theorem subject_reduction:
  "red n M M' \<Longrightarrow> typable \<Gamma> M \<Longrightarrow> \<exists>\<Gamma>'. sharpens \<Gamma> \<Gamma>' \<and> typable \<Gamma>' M'"
proof (induction arbitrary: \<Gamma> rule: red.induct)
  case (beta_lin M N)
  then show ?case using typable_beta_lin sharpens_refl by blast
next
  case (beta_ind M N)
  then show ?case using typable_beta_ind by blast
next
  case (beta_coind M N)
  then show ?case using typable_beta_coind sharpens_refl by blast
next
  case (app_l n M M' N)
  obtain \<Gamma>1 \<Gamma>2 where sp: "app_split \<Gamma> \<Gamma>1 \<Gamma>2" and "typable \<Gamma>1 M" and t2: "typable \<Gamma>2 N"
    using app_l.prems unfolding typable_App by blast
  then obtain \<Gamma>1' where "sharpens \<Gamma>1 \<Gamma>1'" "typable \<Gamma>1' M'"
    using app_l.IH by blast
  moreover obtain \<Gamma>' \<Gamma>2' where "app_split \<Gamma>' \<Gamma>1' \<Gamma>2'" "weakens \<Gamma>2 \<Gamma>2'" "sharpens \<Gamma> \<Gamma>'"
    using sharpens_app_split[OF sp calculation(1)] .
  ultimately show ?case
    using typable_weaken[OF t2] unfolding typable_App by blast
next
  case (app_r n N N' M)
  obtain \<Gamma>1 \<Gamma>2 where sp: "app_split \<Gamma> \<Gamma>2 \<Gamma>1" and t1: "typable \<Gamma>1 M" and "typable \<Gamma>2 N"
    using app_r.prems app_split_sym unfolding typable_App by blast
  then obtain \<Gamma>2' where "sharpens \<Gamma>2 \<Gamma>2'" "typable \<Gamma>2' N'"
    using app_r.IH by blast
  moreover obtain \<Gamma>' \<Gamma>1' where "app_split \<Gamma>' \<Gamma>2' \<Gamma>1'" "weakens \<Gamma>1 \<Gamma>1'" "sharpens \<Gamma> \<Gamma>'"
    using sharpens_app_split[OF sp calculation(1)] .
  ultimately show ?case
    using typable_weaken[OF t1] app_split_sym unfolding typable_App by blast
next
  case (lam n M M')
  obtain \<Gamma>'' where sh: "sharpens (ext PLin \<Gamma>) \<Gamma>''" and t: "typable \<Gamma>'' M'"
    using lam.IH lam.prems unfolding typable_Lam by blast
  from sh obtain p' \<Gamma>' where "\<Gamma>'' = ext p' \<Gamma>'" "sharpens \<Gamma> \<Gamma>'" "p' = PLin \<or> (PLin = PInd \<and> p' = PSharp)"
    by (rule sharpens_ext)
  then show ?case
    using t typable_Lam by auto
next
  case (lamI n M M')
  obtain p \<Gamma>'' where p: "p = PSharp \<or> p = PInd"
    and sh: "sharpens (ext p \<Gamma>) \<Gamma>''" and t: "typable \<Gamma>'' M'"
    using lamI.IH lamI.prems unfolding typable_LamI by blast
  from sh obtain p' \<Gamma>' where "\<Gamma>'' = ext p' \<Gamma>'" "sharpens \<Gamma> \<Gamma>'" "p' = p \<or> (p = PInd \<and> p' = PSharp)"
    by (rule sharpens_ext)
  then show ?case
    using p t typable_LamI by auto
next
  case (lamC n M M')
  obtain \<Gamma>'' where sh: "sharpens (ext PCo \<Gamma>) \<Gamma>''" and t: "typable \<Gamma>'' M'"
    using lamC.IH lamC.prems unfolding typable_LamC by blast
  from sh obtain p' \<Gamma>' where "\<Gamma>'' = ext p' \<Gamma>'" "sharpens \<Gamma> \<Gamma>'" "p' = PCo \<or> (PCo = PInd \<and> p' = PSharp)"
    by (rule sharpens_ext)
  then show ?case
    using t typable_LamC by auto
next
  case (boxI n M M')
  obtain \<Delta>' where "sharpens (mi_premise \<Gamma>) \<Delta>'" "typable \<Delta>' M'"
    using boxI.IH boxI.prems unfolding typable_BoxI by blast
  then have "typable (mi_premise \<Gamma>) M'"
    using sharpens_no_ind[of "mi_premise \<Gamma>", OF mi_premise_no_ind] by blast
  then show ?case
    using boxI.prems sharpens_refl unfolding typable_BoxI by blast
next
  case (boxC n M M')
  have sh: "shared_only \<Gamma>"
    using boxC.prems unfolding typable_BoxC by blast
  obtain \<Delta>' where "sharpens (mc_premise \<Gamma>) \<Delta>'" "typable \<Delta>' M'"
    using boxC.IH boxC.prems unfolding typable_BoxC by blast
  then have "typable (mc_premise \<Gamma>) M'"
    using sharpens_no_ind[of "mc_premise \<Gamma>", OF mc_premise_no_ind[OF sh]] by blast
  then show ?case
    using sh sharpens_refl unfolding typable_BoxC by blast
qed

━━━━━━━━━━

Aim of the task: Could you repeat exactly the lines in the listing above from the one with "case (beta_ind M N)" down to the one with "using app_r.IH by blast"? Include both of those lines.

Exercise solution:
  case (beta_ind M N)
  then show ?case using typable_beta_ind by blast
next
  case (beta_coind M N)
  then show ?case using typable_beta_coind sharpens_refl by blast
next
  case (app_l n M M' N)
  obtain \<Gamma>1 \<Gamma>2 where sp: "app_split \<Gamma> \<Gamma>1 \<Gamma>2" and "typable \<Gamma>1 M" and t2: "typable \<Gamma>2 N"
    using app_l.prems unfolding typable_App by blast
  then obtain \<Gamma>1' where "sharpens \<Gamma>1 \<Gamma>1'" "typable \<Gamma>1' M'"
    using app_l.IH by blast
  moreover obtain \<Gamma>' \<Gamma>2' where "app_split \<Gamma>' \<Gamma>1' \<Gamma>2'" "weakens \<Gamma>2 \<Gamma>2'" "sharpens \<Gamma> \<Gamma>'"
    using sharpens_app_split[OF sp calculation(1)] .
  ultimately show ?case
    using typable_weaken[OF t2] unfolding typable_App by blast
next
  case (app_r n N N' M)
  obtain \<Gamma>1 \<Gamma>2 where sp: "app_split \<Gamma> \<Gamma>2 \<Gamma>1" and t1: "typable \<Gamma>1 M" and "typable \<Gamma>2 N"
    using app_r.prems app_split_sym unfolding typable_App by blast
  then obtain \<Gamma>2' where "sharpens \<Gamma>2 \<Gamma>2'" "typable \<Gamma>2' N'"
    using app_r.IH by blast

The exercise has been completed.